Spatial distribution and origin of soil CO2 in Andeok area, Jeju

Abstract

CO₂ flux measurements and soil gas samples were collected to determine the origin and distribution characteristics of soil gas discharged at Andeok area, Jeju, South Korea. Additionally, this study aims to discuss agricultural activities that may contribute to increased soil CO₂ emissions. CO₂ flux was measured at 127 points, while soil gas sampling for gas components and carbon-13 (δ¹³C_CO2) analysis was performed at 56 points. The measured CO₂ fluxes in the study area ranged from 0.8 to 83.8 g/m²/d (mean: 14.3 g/m²/d), which was lower than CO₂ fluxes observed in areas with geogenic CO₂ discharge (e.g., near active volcanoes, faults, and CO₂-rich water sources). The soil gas analysis revealed that the CO₂ concentration and δ¹³C_CO2 ranged from 491 to 23,722 ppmv (mean: 3,205 ppmv) and from −25.2 to −10.7‰ (mean: −19.4‰), respectively. In the cumulative probability diagram, the threshold values for CO₂ flux and soil CO₂ concentration were 41.3 g/m²/d and 6,693 ppmv, respectively.
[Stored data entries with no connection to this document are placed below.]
(* Let $N\ge 1$, $\epsilon=1/N$, $F>0$, and let $\phi:(0,\infty)\to\mathbb{R}$ be twice differentiable, with $\phi''_{kF}:=\phi''(kF)$. Suppose $\phi''_{2F}\le 0$, $\phi''_{3F}\le 0$ and $\phi''_{kF}=0$ for $k\ge 4$. Consider the third-nearest-neighbour atomistic model, for which $\mathbf y_F$ is called a stable equilibrium if $$\epsilon\sum_{\ell=-N+1}^{N}\Big(\phi''_F|u'_\ell|^2+\phi''_{2F}|u'_\ell+u'_{\ell+1}|^2+\phi''_{3F}|u'_\ell+u'_{\ell+1}+u'_{\ell+2}|^2\Big)>0\quad\text{for all }\mathbf u\in\mathcal U\setminus\{\mathbf 0\}.$$ Then there is a constant $\eta_F$ with $2\le\eta_F\le 6$, uniquely determined by the deformation gradient $F$, such that $\mathbf y_F$ is a stable equilibrium of the atomistic model if and only if $$A_F^{(3)}-\epsilon^2\mu_\epsilon^2\big(\phi''_{2F}+\eta_F\phi''_{3F}\big)>0,$$ where $A_F^{(3)}=\phi''_F+4\phi''_{2F}+9\phi''_{3F}$.
   Context: $\mathcal{U}$ is the space of real sequences $\mathbf u=(u_\ell)_{\ell\in\mathbb{Z}}$ with $u_{\ell+2N}=u_\ell$ and $\sum_{\ell=-N+1}^{N}u_\ell=0$; $(\mathbf y_F)_\ell=F\epsilon\ell$. For a sequence $\mathbf v$, $v'_\ell=(v_\ell-v_{\ell-1})/\epsilon$ and $v''_\ell=(v'_\ell-v'_{\ell-1})/\epsilon$. $\|\mathbf v\|_{\ell^2_\epsilon}=(\epsilon\sum_{\ell=-N+1}^N v_\ell^2)^{1/2}$ for $2N$-periodic $\mathbf v$. $\mu_\epsilon:=\inf_{\Psi\in\mathcal U\setminus\{\mathbf 0\}}\|\Psi''\|_{\ell^2_\epsilon}/\|\Psi'\|_{\ell^2_\epsilon}$, which equals $2\sin(\pi\epsilon/2)/\epsilon$. *)

theory Defs
  imports "HOL-Analysis.Analysis"
begin

definition Uspace :: "nat \<Rightarrow> (int \<Rightarrow> real) set" where
  "Uspace N = {u. (\<forall>l. u (l + 2 * int N) = u l) \<and>
                  (\<Sum>l = - int N + 1 .. int N. u l) = 0}"

definition dq :: "real \<Rightarrow> (int \<Rightarrow> real) \<Rightarrow> int \<Rightarrow> real" where
  "dq eps v l = (v l - v (l - 1)) / eps"

definition l2eps :: "nat \<Rightarrow> real \<Rightarrow> (int \<Rightarrow> real) \<Rightarrow> real" where
  "l2eps N eps v = sqrt (eps * (\<Sum>l = - int N + 1 .. int N. (v l)\<^sup>2))"

definition mu_eps :: "nat \<Rightarrow> real" where
  "mu_eps N = (let eps = 1 / real N in
     Inf {l2eps N eps (dq eps (dq eps \<Psi>)) / l2eps N eps (dq eps \<Psi>) | \<Psi>.
            \<Psi> \<in> Uspace N \<and> \<Psi> \<noteq> (\<lambda>_. 0)})"

text \<open>Stability of y_F in the third-nearest-neighbour atomistic model;
  p1, p2, p3 stand for phi''(F), phi''(2F), phi''(3F).\<close>
definition stable3 :: "nat \<Rightarrow> real \<Rightarrow> real \<Rightarrow> real \<Rightarrow> bool" where
  "stable3 N p1 p2 p3 = (let eps = 1 / real N in
     \<forall>u \<in> Uspace N - {\<lambda>_. 0}.
       eps * (\<Sum>l = - int N + 1 .. int N.
          p1 * (dq eps u l)\<^sup>2
        + p2 * (dq eps u l + dq eps u (l + 1))\<^sup>2
        + p3 * (dq eps u l + dq eps u (l + 1) + dq eps u (l + 2))\<^sup>2) > 0)"

end

theory Submission
  imports Defs
begin

text \<open>Write a = u' and R_k = \<Sum>_l a_l a_(l+k) for the periodic autocorrelations of the strain,
  A = p1 + 4 p2 + 9 p3 and D = 2 R_0 - 2 R_1 = \<Sum>_l (a_l - a_(l-1))^2. The energy is
  p1 R_0 + p2 (2 R_0 + 2 R_1) + p3 (3 R_0 + 4 R_1 + 2 R_2), which equals both
  A R_0 - (p2 + 6 p3) D + p3 \<Sum>_l (a_l - 2 a_(l+1) + a_(l+2))^2  and
  A R_0 - (p2 + 2 p3) D - p3 \<Sum>_l (a_l - a_(l+2))^2.
  So for p3 \<le> 0 the energy lies between A R_0 - (p2 + 2 p3) D and A R_0 - (p2 + 6 p3) D.
  The Rayleigh quotient D / R_0 equals \<epsilon>^2 \<mu>_\<epsilon>^2 at its minimum, which exists since the quotient
  is scale invariant and the sup-normalised part of U is compact. The upper bound at a minimiser
  shows that stability forces the condition with \<eta> = 6, and the lower bound shows that the
  condition with \<eta> = 2 implies stability.\<close>

definition periodic :: "nat \<Rightarrow> (int \<Rightarrow> 'a) \<Rightarrow> bool" where
  "periodic N f \<longleftrightarrow> (\<forall>l. f (l + 2 * int N) = f l)"

definition period_sum :: "nat \<Rightarrow> (int \<Rightarrow> real) \<Rightarrow> real" where
  "period_sum N f = (\<Sum>l = - int N + 1 .. int N. f l)"

lemma Uspace_iff: "u \<in> Uspace N \<longleftrightarrow> periodic N u \<and> period_sum N u = 0"
  by (simp add: Uspace_def periodic_def period_sum_def)

lemma periodic_comp_shift: "periodic N f \<Longrightarrow> periodic N (\<lambda>l. f (l + k))"
  unfolding periodic_def by (metis add.commute add.left_commute)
Samples exceeding the CO₂ flux threshold were affected by urea fertilizer application based on land use nearby, and did not overlay with samples exceeding the soil CO₂ threshold, indicating different transport mechanisms. Results from a detailed survey near a soil gas sampling location close to high soil CO₂ showed that soil CO₂ concentrations increased with depth, especially during summer when atmospheric temperatures increased. Spatially, higher soil CO₂ concentrations were observed in areas with accumulated plant debris from tangerine orchards. The δ¹³C_CO2 and relationships among CO₂-O₂, N₂-CO₂, and N₂/O₂-CO₂ indicated that all collected samples had a biogenic origin. Although geogenic soil gases were not observed in this study, our findings are useful for future research on Jeju Island, as they provide baseline values for distinguishing geogenic soil gas from those with natural and agricultural origins. Moreover, this result provides insights into agricultural activities such as urea fertilization and plowing and their contribution to soil CO₂ increase, and inspires future research on negative soil CO₂ flux.